Logical? Yes. Efficient? No. Why not? For one, there’s resource usage: While at most three rows will be output, the system hosting the mashup engine must have enough capacity to store everything returned from the source (which could be billions of rows). Attempting to do this could lead to that system running out of resources (e.g. memory or disk space).
Thankfully, Power Query doesn’t handle table expressions in this simplistic way. Instead, M uses streaming, query folding or a combination of these two techniques. We learned about both back in Paradigm (part 5); in this post, we’ll try to hone our understanding by delving deeper into their details and walking through several examples. If the general ideas of what streaming and query folding are isn’t sharp in your mind, it’s probably worth jumping back to part 5 for a refresher before continuing on.
Streaming
Let’s say M executes the above expression using streaming….
When Result’s contents are requested, Table.FirstN
in the Result step starts by asking the proceeding step (Filtered) for one row of data. When Filtered’s Table.SelectRows
receives this request, it turns around and asks step Source for a row of data, which Source provides. When Filtered’s SelectRows
receives this row, it checks whether it passes Filtered’s [Office] = "Chicago"
test. If so, SelectRows
returns the row to Result; if not, it discards the row then requests another, repeating this process until it finds one that passes the test, which is returned to step Result. Once Result’s FirstN
has received a row, it outputs that row then turns around and asks Filtered for a second row (because it’s looking for a total of three rows). Filtered’s SelectRows
then picks back up where it left off with Source, asking for one row at a time until it finds another that passes the [Office] = "Chicago"

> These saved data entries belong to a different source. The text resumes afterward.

text \<open>Blow up each point \<open>x\<^sub>i\<close> of \<open>X\<close> into \<open>r\<^sub>i\<close> points at mutual distance \<open>\<epsilon>\<close>, keeping
  the distances of \<open>X\<close> between different fibres; for \<open>0 < \<epsilon> \<le> 2 min d\<^sub>X\<close> this is a metric.
  Then \<open>a - d\<^sub>X\<close> vanishes between different fibres, so every \<open>M\<^bsup>(\<beta>)\<^esup>\<close> is block diagonal.
  In the block of \<open>x\<^sub>i\<close> the column \<open>\<beta>\<^sub>i\<close> consists of ones and the other columns of \<open>\<epsilon>\<close> off
  the diagonal and \<open>0\<close> on it; subtracting the row \<open>\<beta>\<^sub>i\<close> from the other rows leaves
  \<open>-\<epsilon>\<close> times a unit vector, so the block has determinant \<open>(-\<epsilon>)\<^bsup>r\<^sub>i - 1\<^esup>\<close>. Hence all
  \<open>\<Prod>\<^sub>i r\<^sub>i\<close> summands of \<open>F\<close> equal \<open>\<Prod>\<^sub>i (-\<epsilon>)\<^bsup>r\<^sub>i - 1\<^esup> \<noteq> 0\<close>.\<close>

lemma det_on_eq_det_mat:
  assumes bij: "bij_betw e {0..<n} I"
  shows "det_on I M = det (mat n n (\<lambda>(k, l). M (e k) (e l)))"
proof -
  define e' where "e' = inv_into {0..<n} e"
  have e'e: "e' (e k) = k" if "k < n" for k
    using bij that unfolding e'_def by (simp add: bij_betw_inv_into_left)
  have ee': "e (e' x) = x" if "x \<in> I" for x
    using bij that unfolding e'_def by (simp add: bij_betw_inv_into_right)
  have eI: "e k \<in> I" if "k < n" for k
    using bij that by (auto simp: bij_betw_def)
  have e'I: "e' x < n" if "x \<in> I" for x
    using bij that unfolding e'_def by (metis atLeastLessThan_iff bij_betw_def inv_into_into)
  have "finite I"
    using bij bij_betw_finite by blast
  define conj_to where "conj_to = (\<lambda>q x. if x \<in> I then e (q (e' x)) else x)"
  define conj_from where "conj_from = (\<lambda>p k. if k \<in> {0..<n} then e' (p (e k)) else k)"
  have "det (mat n n (\<lambda>(k, l). M (e k) (e l))) =
      (\<Sum>q | q permutes {0..<n}. of_int (sign q) * (\<Prod>k=0..<n. M (e k) (e (q k))))"
    by (subst det_def'[of _ n]) (auto intro!: sum.cong prod.cong simp: permutes_in_image)
  also have "\<dots> = det_on I M"
    unfolding det_on_def
  proof (rule sum.reindex_bij_witness[where j = conj_to and i = conj_from])
    fix q assume "q \<in> {q. q permutes {0..<n}}"
    then have q: "q permutes {0..<n}" by simp
    interpret permutes_bij_finite q "{0..<n}" I e e' "conj_to q"
      by unfold_locales (use q bij e'e in \<open>auto simp: conj_to_def\<close>)
    show "conj_from (conj_to q) = q"
      using q by (auto simp: fun_eq_iff conj_from_def conj_to_def e'e eI permutes_in_image permutes_not_in)
    show "conj_to q \<in> {p. p permutes I}"
      using permutes_p' by simp
    have "(\<Prod>x\<in>I. M x (conj_to q x)) = (\<Prod>k=0..<n. M (e k) (conj_to q (e k)))"
      by (rule prod.reindex_bij_betw[OF bij, symmetric])
    also have "\<dots> = (\<Prod>k=0..<n. M (e k) (e (q k)))"
      by (rule prod.cong) (auto simp: conj_to_def eI e'e)
    finally show "of_int (sign (conj_to q)) * (\<Prod>x\<in>I. M x (conj_to q x)) =
        of_int (sign q) * (\<Prod>k=0..<n. M (e k) (e (q k)))"
      using sign_p' by simp
  next
    fix p assume "p \<in> {p. p permutes I}"
    then have p: "p permutes I" by simp
    interpret permutes_bij_finite p I "{0..<n}" e' e "conj_from p"
      by unfold_locales
        (use p bij_betw_inv_into[OF bij] ee' \<open>finite I\<close> in \<open>auto simp: conj_from_def e'_def\<close>)
    show "conj_to (conj_from p) = p"
      using p by (auto simp: fun_eq_iff conj_from_def conj_to_def ee' e'I permutes_in_image permutes_not_in)
    show "conj_from p \<in> {q. q permutes {0..<n}}"
      using permutes_p' by simp
  qed
  finally show ?thesis ..
qed

lemma det_on_cong:
  assumes "\<And>x y. x \<in> I \<Longrightarrow> y \<in> I \<Longrightarrow> M x y = N x y"
  shows "det_on I M = det_on I N"
  unfolding det_on_def
  by (intro sum.cong refl arg_cong2[where f = "(*)"] prod.cong)
     (auto intro!: assms simp: permutes_in_image)

lemma det_on_mult:
  assumes "finite I"
  shows "det_on I (\<lambda>x y. \<Sum>z\<in>I. A x z * B z y) = det_on I A * det_on I B"
proof -
  let ?n = "card I"
  obtain e where bij: "bij_betw e {0..<?n} I"
    using ex_bij_betw_nat_finite[OF assms] by blast
  let ?A = "mat ?n ?n (\<lambda>(k, l). A (e k) (e l))"
  let ?B = "mat ?n ?n (\<lambda>(k, l). B (e k) (e l))"
  have "mat ?n ?n (\<lambda>(k, l). \<Sum>z\<in>I. A (e k) z * B z (e l)) = ?A * ?B"
  proof (rule eq_matI)
    fix i j assume "i < dim_row (?A * ?B)" "j < dim_col (?A * ?B)"
    then have "i < ?n" "j < ?n" by auto
    moreover have "(\<Sum>z\<in>I. A (e i) z * B z (e j)) = (\<Sum>k=0..<?n. A (e i) (e k) * B (e k) (e j))"
      by (rule sum.reindex_bij_betw[OF bij, symmetric])
    ultimately show "mat ?n ?n (\<lambda>(k, l). \<Sum>z\<in>I. A (e k) z * B z (e l)) $$ (i, j) = (?A * ?B) $$ (i, j)"
      by (simp add: scalar_prod_def row_def col_def)
  qed auto
  then show ?thesis
    by (simp add: det_on_eq_det_mat[OF bij] det_mult[of _ ?n])
qed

test, which it then passes to Result’s FirstN
, which then outputs it. Lastly, this process is repeated one more time to retrieve the third row FirstN
needs to satisfy how it was programmed.
Each step produces rows one at a time, only requesting as many rows as it needs from the preceding step to produce the requested row. By working with just enough data (vs. the hypothetical simplistic approach we started with which stored the entire output of each step in memory), Power Query is able to handle data sets that are too large to be stored locally and doesn’t waste resources storing rows that ultimately are unnecessary to produce the requested output.
Internal In-Memory Row Storage
Excepting the data provider (which, for performance reasons, might fetch rows in chunks from the external data source), none of the operations in the proceeding example held rows in memory. When a functioned processed a row, it either passed it on or discarded it.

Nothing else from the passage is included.